Segment Start: Supplied data

lemma chainable_patternE:
  assumes "is_pattern (a1, b1, c1, d1)" "is_pattern (a2, b2, c2, d2)"
    and "chainable (a1, b1, c1, d1) (a2, b2, c2, d2)"
  obtains e f where "a2 = a1 * e" "d1 = f * d2"
    and "c1 = e * r_ratio (a1, b1, c1, d1) (a2, b2, c2, d2)"
    and "b2 = f * r_ratio (a1, b1, c1, d1) (a2, b2, c2, d2)"
proof -
  define r where "r = a1 * c1 div a2"
  have pos: "0 < a1" "0 < d2" using assms(1,2) by (simp_all add: is_pattern_def)
  have ch: "a2 dvd a1 * c1" "d1 dvd b2 * d2" "r = b2 * d2 div d1" "a1 dvd a2" "d2 dvd d1"
    using assms(3) by (simp_all add: chainable_def r_def)
  obtain e where e: "a2 = a1 * e" using ch(4) by (rule dvdE)
  obtain f where f: "d1 = f * d2" using ch(5) by (metis dvdE mult.commute)
  have "a1 * c1 = a2 * r"
    unfolding r_def by (rule dvd_mult_div_cancel[symmetric, OF ch(1)])
  then have c1: "c1 = e * r" using pos(1) e by (simp add: mult.assoc)
  have "b2 * d2 = d1 * r"
    unfolding ch(3) by (rule dvd_mult_div_cancel[symmetric, OF ch(2)])
  then have "b2 * d2 = (f * r) * d2" using f by (simp add: ac_simps)
  then have b2: "b2 = f * r" using pos(2) by simp
  have "r_ratio (a1, b1, c1, d1) (a2, b2, c2, d2) = r" by (simp add: r_ratio_def r_def)
  then show thesis using that[OF e f] c1 b2 by simp
qed

lemma digits_coarsen:
  fixes j k e D f d :: nat
  shows "(j div (e * D) = k div (e * D) \<and> j mod (f * d) = k mod (f * d) \<and>
      j div D = k div D \<and> j mod d = k mod d) \<longleftrightarrow>
    (j div D = k div D \<and> j mod (f * d) = k mod (f * d))"
proof -
  have "x div (e * D) = x div D div e" for x :: nat
    by (metis div_mult2_eq mult.commute)
  moreover have "x mod d = x mod (f * d) mod d" for x :: nat
    by (simp add: mod_mod_cancel)
  ultimately show ?thesis by metis
qed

Segment End: Supplied data

Work task:
Each line of the entries holding the string "then" should be found and copied.

Solved problem:
  then have c1: "c1 = e * r" using pos(1) e by (simp add: mult.assoc)
  then have "b2 * d2 = (f * r) * d2" using f by (simp add: ac_simps)
  then have b2: "b2 = f * r" using pos(2) by simp
  then show thesis using that[OF e f] c1 b2 by simp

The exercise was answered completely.